To predict the structure of an arachno cluster, the closo polyhedron with n + 2 vertices is used as the starting point, and the n+1 vertex nido complex is generated by following the rule above; a second vertex adjacent to the first is removed if the cluster is composed of mostly small atoms, a second vertex not adjacent to the first is removed if the cluster is composed mostly of large atoms.

$\ce{Bi}$ atom is definitely a large atom, so we should remove out non-adjacent vertexes. The only way to choose non-adjacent vertexes in trigonal bipyramid is to take axial vertexes, gaining a triangle.

Also, please not, that removing two adjacent vertexes in trigonal bipyramid may also lead to triangle, if one removes one equatorial and one axial position. removing two equatorial positions will lead not to triangle or line, but to an angle.

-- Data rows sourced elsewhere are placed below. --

lemma hom_compatible_arg_prefix:
  fixes f :: "'a list list \<Rightarrow> 'a list"
  assumes f: "hom_compatible k f" and R: "length R = k" "\<forall>j<k. \<exists>c. R ! j = [c]" and i: "i < k"
    and base: "\<And>y. prefix y (f (R[i := y]))" and xs: "length xs = k"
  shows "prefix (xs ! i) (f xs)"
proof -
  have "\<forall>y. prefix y (f (xs[i := y]))"
    using R(1) _ _ xs
  proof (rule list_update_towards_induct)
    show "\<forall>y. prefix y (f (R[i := y]))" using base by blast
  next
    fix xs n
    assume xs: "length xs = k" and n: "n < k" and IH: "\<forall>y. prefix y (f (xs[n := R ! n, i := y]))"
    show "\<forall>y. prefix y (f (xs[i := y]))"
    proof (cases "n = i")
      case True
      then show ?thesis using IH by simp
    next
      case False
      obtain c where c: "R ! n = [c]" using R(2) n by blast
      have head: "\<exists>r. f (xs[i := [v]]) = v # r" if "v \<noteq> c" for v
      proof -
        have "prefix [v] (f (xs[i := [v], n := [c]]))"
          using IH c False by (metis list_update_swap)
        then obtain r where "f (xs[i := [v], n := [c]]) = v # r" by (auto simp: prefix_def)
        from hom_compatible1_head_letter[OF hom_compatible_slice[OF f _ n] this that, of "xs ! n"]
        show ?thesis using xs False by (simp add: list_update_swap[of i n])
      qed
      obtain u where u: "u \<noteq> c" using third[of c c] by blast
      obtain u' where u': "u' \<noteq> c" "u' \<noteq> u" using third[of c u] by blast
      obtain r r' where "f (xs[i := [u]]) = u # r" "f (xs[i := [u']]) = u' # r'"
        using head u u' by blast
      with hom_compatible1_prefix_of_two_letters[OF hom_compatible_slice[OF f xs i]] u'
      show ?thesis by blast
    qed
  qed
  then show ?thesis by (metis list_update_id)
qed

lemma hom_compatible_Nil_transfer:
  fixes f :: "'a list list \<Rightarrow> 'a list"
  assumes "hom_compatible k f" "length R = k" "\<forall>j<k. \<exists>c. R ! j = [c]" "f R = []" "length xs = k"
  shows "f xs = []"
  by (rule hom_compatible_transfer[where Q = "\<lambda>_. True" and P = "\<lambda>w. w = []",
        OF assms(1,2) _ _ assms(4,5)])
    (use assms(3) in blast, use hom_compatible1_Nil in blast)

lemma hom_compatible_head_transfer:
  fixes f :: "'a list list \<Rightarrow> 'a list"
  assumes "hom_compatible k f" "length R = k" "\<forall>j<k. \<exists>c. R ! j = [c] \<and> c \<noteq> a"
    and "f R = a # r" "length xs = k"
  shows "\<exists>r. f xs = a # r"
  by (rule hom_compatible_transfer[where Q = "\<lambda>c. c \<noteq> a" and P = "\<lambda>w. \<exists>r. w = a # r",
        OF assms(1-3) _ _ assms(5)])
    (use hom_compatible1_head_letter in blast, use assms(4) in blast)

lemma hom_compatible_head_two_letter_args:
  fixes f :: "'a list list \<Rightarrow> 'a list"
  assumes f: "hom_compatible k f"
    and no_prefix: "\<not> (\<exists>i<k. \<forall>xs. length xs = k \<longrightarrow> prefix (xs ! i) (f xs))"
    and start: "f (two_letter_args k t d 0) = d # r" and m: "m \<le> k"
  shows "\<exists>r. f (two_letter_args k t d m) = d # r"
  using m
proof (induct m)
  case (Suc m)
  let ?T = "two_letter_args k t d"
  obtain r where r: "f (?T m) = d # r" using Suc by auto
  have m: "m < k" using Suc.prems by simp
  define g where "g y = f ((?T m)[m := y])" for y
  have g: "hom_compatible1 g"
    unfolding g_def using hom_compatible_slice[OF f two_letter_args_letters(1) m] .
  have "(?T m)[m := [d]] = ?T m" "(?T m)[m := [t]] = ?T (Suc m)"
    by (rule nth_equalityI; use m in \<open>simp add: two_letter_args_def nth_list_update\<close>)+
  then have gd: "g [d] = d # r" and gt: "g [t] = f (?T (Suc m))" using r by (simp_all add: g_def)
  from hom_compatible1_trichotomy[OF g] show ?case
  proof (elim disjE)
    assume "\<forall>y. g y = []"
    then show ?thesis using gd by simp
  next
    assume "\<exists>s. \<forall>y. \<exists>r. g y = s # r"
    then show ?thesis using gd gt by (metis list.inject)
  next
    assume "\<forall>y. prefix y (g y)"
    then have "\<forall>xs. length xs = k \<longrightarrow> prefix (xs ! m) (f xs)"
      using hom_compatible_arg_prefix[OF f two_letter_args_letters m] unfolding g_def by blast
    then show ?thesis using no_prefix m by blast
  qed
qed (use start in simp)

lemma hom_compatible_trichotomy:
  fixes f :: "'a list list \<Rightarrow> 'a list"
  assumes f: "hom_compatible k f"
  shows "(\<exists>i<k. \<forall>xs. length xs = k \<longrightarrow> prefix (xs ! i) (f xs)) \<or>
    (\<exists>s. \<forall>xs. length xs = k \<longrightarrow> (\<exists>r. f xs = s # r)) \<or> (\<forall>xs. length xs = k \<longrightarrow> f xs = [])"
proof -
  obtain d t :: 'a where t: "t \<noteq> d" using third[of undefined undefined] by blast
  let ?T = "two_letter_args k t d"
  consider "f (?T 0) = []" | a r where "f (?T 0) = a # r" "a \<noteq> d" | r where "f (?T 0) = d # r"
    by (cases "f (?T 0)") auto
  then show ?thesis
  proof cases
    case 1
    then show ?thesis using hom_compatible_Nil_transfer[OF f two_letter_args_letters] by blast
  next
    case (2 a r)
    have "\<forall>j<k. \<exists>c. ?T 0 ! j = [c] \<and> c \<noteq> a" using 2(2) by (simp add: two_letter_args_def)
    then show ?thesis
      using hom_compatible_head_transfer[OF f two_letter_args_letters(1) _ 2(1)] by blast
  next
    case (3 r)
    \<comment> \<open>Unless some argument is a prefix of all values, the first letter stays \<open>d\<close> while the
      arguments are switched from \<open>[d]\<close> to \<open>[t]\<close> one by one.\<close>
    show ?thesis
    proof (cases "\<exists>i<k. \<forall>xs. length xs = k \<longrightarrow> prefix (xs ! i) (f xs)")
      case False
      from hom_compatible_head_two_letter_args[OF f False 3] obtain r' where "f (?T k) = d # r'"
        by blast
      moreover have "\<forall>j<k. \<exists>c. ?T k ! j = [c] \<and> c \<noteq> d" using t by (simp add: two_letter_args_def)
      ultimately show ?thesis using hom_compatible_head_transfer[OF f two_letter_args_letters(1)] by blast
    qed blast
  qed
qed

lemma hom_compatible_imp_pattern_word:
  fixes f :: "'a list list \<Rightarrow> 'a list"
  assumes f: "hom_compatible k f"
  shows "\<exists>as. (\<forall>i. Inr i \<in> set as \<longrightarrow> i < k) \<and> (\<forall>xs. length xs = k \<longrightarrow> f xs = pattern_word as xs)"
proof -
  fix c :: 'a
  show ?thesis using f
  proof (induct "length (f (replicate k [c]))" arbitrary: f rule: less_induct)
    case less
    note f = less.prems
    from hom_compatible_trichotomy[OF f] show ?case
    proof (elim disjE exE conjE)
      fix i assume i: "i < k" and prefix: "\<forall>xs. length xs = k \<longrightarrow> prefix (xs ! i) (f xs)"
      define f' where "f' xs = drop (length (xs ! i)) (f xs)" for xs
      have split: "f xs = xs ! i @ f' xs" if "length xs = k" for xs
        using prefix that unfolding f'_def prefix_def by auto
      have "hom_compatible k f'" by (rule hom_compatible_cancel_left[OF f hom_compatible_nth[OF i] split])
      moreover have "length (f' (replicate k [c])) < length (f (replicate k [c]))"
        using split[of "replicate k [c]"] i by simp
      ultimately obtain as where "\<forall>i. Inr i \<in> set as \<longrightarrow> i < k"
        "\<forall>xs. length xs = k \<longrightarrow> f' xs = pattern_word as xs"
        using less.hyps by blast
      then show ?thesis using i split by (intro exI[of _ "Inr i # as"]) auto
    next
      fix s assume head: "\<forall>xs. length xs = k \<longrightarrow> (\<exists>r. f xs = s # r)"
      define f' where "f' xs = tl (f xs)" for xs
      have split: "f xs = [s] @ f' xs" if "length xs = k" for xs
        using head that unfolding f'_def by auto
      have "hom_compatible k f'" by (rule hom_compatible_cancel_left[OF f hom_compatible_const split])
      moreover have "length (f' (replicate k [c])) < length (f (replicate k [c]))"
        using split[of "replicate k [c]"] by simp
      ultimately obtain as where "\<forall>i. Inr i \<in> set as \<longrightarrow> i < k"
        "\<forall>xs. length xs = k \<longrightarrow> f' xs = pattern_word as xs"
        using less.hyps by blast
      then show ?thesis using split by (intro exI[of _ "Inl s # as"]) auto
    next
      assume "\<forall>xs. length xs = k \<longrightarrow> f xs = []"
      then show ?thesis by (intro exI[of _ "[]"]) simp
    qed
  qed
qed

end

lemma pattern_word_factorization:
  assumes k: "0 < k" and as: "\<forall>i. Inr i \<in> set as \<longrightarrow> i < k"
    and f: "\<forall>xs. length xs = k \<longrightarrow> f xs = pattern_word as xs"
  shows "\<exists>(n::nat) (w::nat \<Rightarrow> 'a list) (p::nat \<Rightarrow> nat) (idx::nat \<Rightarrow> nat).
    (\<forall>j\<in>{1..n}. idx j < k) \<and>
    (\<forall>xs. length xs = k \<longrightarrow>
       f xs = w 0 @ concat (map (\<lambda>j. word_pow (xs ! idx j) (p j) @ w j) [1..<Suc n]))"
proof -
  \<comment> \<open>A letter \<open>s\<close> of the pattern becomes the factor \<open>x\<^sub>0\<^sup>0 s\<close> (hence \<open>0 < k\<close>), a variable
    \<open>x\<^sub>i\<close> the factor \<open>x\<^sub>i\<^sup>1\<close>.\<close>
  define w where "w j = (if j = 0 then [] else case as ! (j - 1) of Inl s \<Rightarrow> [s] | Inr _ \<Rightarrow> [])" for j
  define p :: "nat \<Rightarrow> nat" where "p j = (case as ! (j - 1) of Inl _ \<Rightarrow> 0 | Inr _ \<Rightarrow> 1)" for j
  define idx where "idx j = (case as ! (j - 1) of Inl _ \<Rightarrow> 0 | Inr i \<Rightarrow> i)" for j
  have "idx j < k" if "j \<in> {1..length as}" for j
  proof (cases "as ! (j - 1)")
    case (Inr i)
    moreover have "as ! (j - 1) \<in> set as" using that by auto
    ultimately show ?thesis using as by (simp add: idx_def)
  qed (simp add: idx_def k)
  moreover have "map (\<lambda>j. word_pow (xs ! idx j) (p j) @ w j) [1..<Suc (length as)] =
      map (\<lambda>a. case a of Inl s \<Rightarrow> [s] | Inr i \<Rightarrow> xs ! i) as" for xs :: "'a list list"
  proof -
    have "[1..<Suc (length as)] = map Suc [0..<length as]" by (simp add: map_Suc_upt)
    then have "map (\<lambda>j. word_pow (xs ! idx j) (p j) @ w j) [1..<Suc (length as)] =
        map (\<lambda>j. case as ! j of Inl s \<Rightarrow> [s] | Inr i \<Rightarrow> xs ! i) [0..<length as]"
      by (auto simp: w_def p_def idx_def word_pow_def split: sum.split)
    also have "\<dots> = map (\<lambda>a. case a of Inl s \<Rightarrow> [s] | Inr i \<Rightarrow> xs ! i) as"
      by (subst (2) map_nth[symmetric]) simp
    finally show ?thesis .
  qed
  ultimately show ?thesis using f unfolding pattern_word_def
    by (intro exI[of _ "length as"] exI[of _ w] exI[of _ p] exI[of _ idx]) (simp add: w_def)
qed

lemma congruence_refl: "congruence R \<Longrightarrow> (x, x) \<in> R"
  unfolding congruence_def equiv_def refl_on_def by blast

lemma congruence_append: "congruence R \<Longrightarrow> (u, v) \<in> R \<Longrightarrow> (u', v') \<in> R \<Longrightarrow> (u @ u', v @ v') \<in> R"
  unfolding congruence_def by blast

lemma congruence_word_pow: "congruence R \<Longrightarrow> (u, v) \<in> R \<Longrightarrow> (word_pow u p, word_pow v p) \<in> R"
  by (induct p) (simp_all add: word_pow_def congruence_refl congruence_append)

lemma congruence_concat_map:
  "congruence R \<Longrightarrow> \<forall>j\<in>set js. (F j, G j) \<in> R \<Longrightarrow> (concat (map F js), concat (map G js)) \<in> R"
  by (induct js) (simp_all add: congruence_refl congruence_append)

lemma factorization_imp_congruence_preserving:
  assumes idx: "\<forall>j\<in>{1..n}. idx j < k"
    and f: "\<forall>xs. length xs = k \<longrightarrow>
       f xs = w 0 @ concat (map (\<lambda>j. word_pow (xs ! idx j) (p j) @ w j) [1..<Suc n])"
  shows "congruence_preserving k f"
  unfolding congruence_preserving_def
proof (intro allI impI)
  fix R and us vs :: "'a list list"
  assume R: "congruence R" and len: "length us = k" "length vs = k"
    and uv: "\<forall>i<k. (us ! i, vs ! i) \<in> R"
  have "\<forall>j\<in>set [1..<Suc n].
      (word_pow (us ! idx j) (p j) @ w j, word_pow (vs ! idx j) (p j) @ w j) \<in> R"
    using idx uv by (auto intro!: congruence_append congruence_word_pow congruence_refl R)
  from congruence_concat_map[OF R this] show "(f us, f vs) \<in> R"
    using f len by (simp add: congruence_append congruence_refl R)
qed

lemma ex_third_if_card_ge_3:
  assumes "3 \<le> card (UNIV :: 'a set)"
  shows "\<exists>z::'a. z \<noteq> x \<and> z \<noteq> y"
proof (rule ccontr)
  assume "\<nexists>z. z \<noteq> x \<and> z \<noteq> y"
  then have "UNIV = {x, y}" by blast
  moreover have "card {x, y} \<le> 2" by (simp add: card_insert_le_m1)
  ultimately show False using assms by simp
qed
lemma finite_component_reps_span_fib:
  assumes "ess_finite G1" "ess_finite G2" "ess_finite H" and R: "component_reps SF R"
  shows "finite R"
proof -
  obtain S where "finite S" "\<forall>X\<in>Obj H. \<exists>Z\<in>S. Hom H X Z \<noteq> {}"
    using ess_finite_finite_component_cover[OF assms(3)] .
  moreover have "finite (Hom (prod_gpd G1 G2) (A, B) Z)" for Z
    using ess_finite_finite_Hom[OF G1 assms(1)] ess_finite_finite_Hom[OF G2 assms(2)]
    by (cases Z) (simp add: prod_gpd_def)
  moreover have "component_reps fib.F R" using R by (simp add: span_fib_eq)
  ultimately show ?thesis by (rule fib.finite_component_reps)
qed

lemma finite_Aut_span_fib:
  assumes "ess_finite H"
  shows "finite (Aut SF Y)"
proof -
  have "Aut SF Y \<subseteq> Hom H Y Y" unfolding Aut_def using span_fib_Hom_iff by blast
  then show ?thesis using ess_finite_finite_Hom[OF H assms] by (rule finite_subset)
qed

end

theorem lemma2p7:
  fixes G1 :: "('o1,'m1) gpd" and G2 :: "('o2,'m2) gpd" and H :: "('h,'hm) gpd"
    and P1o :: "'h \<Rightarrow> 'o1" and P1m :: "'hm \<Rightarrow> 'm1"
    and P2o :: "'h \<Rightarrow> 'o2" and P2m :: "'hm \<Rightarrow> 'm2"
    and s1 :: "complex \<Rightarrow> 'v::ab_group_add \<Rightarrow> 'v" and V1 :: "'o1 \<Rightarrow> 'v set" and act1 :: "'m1 \<Rightarrow> 'v \<Rightarrow> 'v"
    and s2 :: "complex \<Rightarrow> 'w::ab_group_add \<Rightarrow> 'w" and V2 :: "'o2 \<Rightarrow> 'w set" and act2 :: "'m2 \<Rightarrow> 'w \<Rightarrow> 'w"
    and \<sigma> :: "'h \<Rightarrow> 'v \<Rightarrow> 'w"
    and A :: 'o1 and B :: 'o2
  assumes "groupoid G1" and "groupoid G2" and "groupoid H"
    and "ess_finite G1" and "ess_finite G2" and "ess_finite H"
    and "gfunctor H G1 P1o P1m" and "gfunctor H G2 P2o P2m"
    and "fibrant_span G1 H G2 P1o P1m P2o P2m"
    and "vect_rep G1 s1 V1 act1" and "vect_rep G2 s2 V2 act2"
    and "vect_nat_trans H s1 s2 (V1 \<circ> P1o) (act1 \<circ> P1m) (V2 \<circ> P2o) (act2 \<circ> P2m) \<sigma>"
    and "A \<in> Obj G1" and "B \<in> Obj G2"
  shows "(\<forall>R. component_reps (span_fib G1 H G2 P1o P1m P2o P2m A B) R \<longrightarrow> finite R) \<and>
         (\<forall>Y\<in>Obj (span_fib G1 H G2 P1o P1m P2o P2m A B).
            finite (Aut (span_fib G1 H G2 P1o P1m P2o P2m A B) Y)) \<and>
         (\<forall>R R'. component_reps (span_fib G1 H G2 P1o P1m P2o P2m A B) R \<longrightarrow>
            component_reps (span_fib G1 H G2 P1o P1m P2o P2m A B) R' \<longrightarrow>
            (\<forall>x\<in>V1 A. S_map G1 H G2 P1o P1m P2o P2m s2 \<sigma> A B R x
                        = S_map G1 H G2 P1o P1m P2o P2m s2 \<sigma> A B R' x)) \<and>
         (\<forall>R. component_reps (span_fib G1 H G2 P1o P1m P2o P2m A B) R \<longrightarrow>
            (\<forall>x\<in>V1 A. S_map G1 H G2 P1o P1m P2o P2m s2 \<sigma> A B R x \<in> V2 B \<and>
               (\<forall>g\<in>Aut G2 B. act2 g (S_map G1 H G2 P1o P1m P2o P2m s2 \<sigma> A B R x)
                   = S_map G1 H G2 P1o P1m P2o P2m s2 \<sigma> A B R x)))"
proof -
  interpret span_rep G1 G2 H P1o P1m P2o P2m s1 V1 act1 s2 V2 act2 \<sigma> A B
    by (rule span_rep.intro) (rule assms)+
  show ?thesis
    using finite_component_reps_span_fib[OF assms(4-6)] finite_Aut_span_fib[OF assms(6)]
      S_map_reps_independent S_map_in_V2 S_map_Aut_invariant by blast
qed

However, for $\ce{[Bi3]^{3-}}$ the amount of electrons per atom is exactly six. This means, that 6n rules suite situation better. 6n rule leads to ring in the case.

I recommend to consider Wade's rules as general guidelines, but not a final truth, sometimes they fail spectacularly. For example, consider $\ce{[CH]6}$ cluster. Wade's rule predicts it to be a Trigonal prism. As we know, IRL this molecule prefers to be a ring, with prismane being an esoteric and a quite rare form.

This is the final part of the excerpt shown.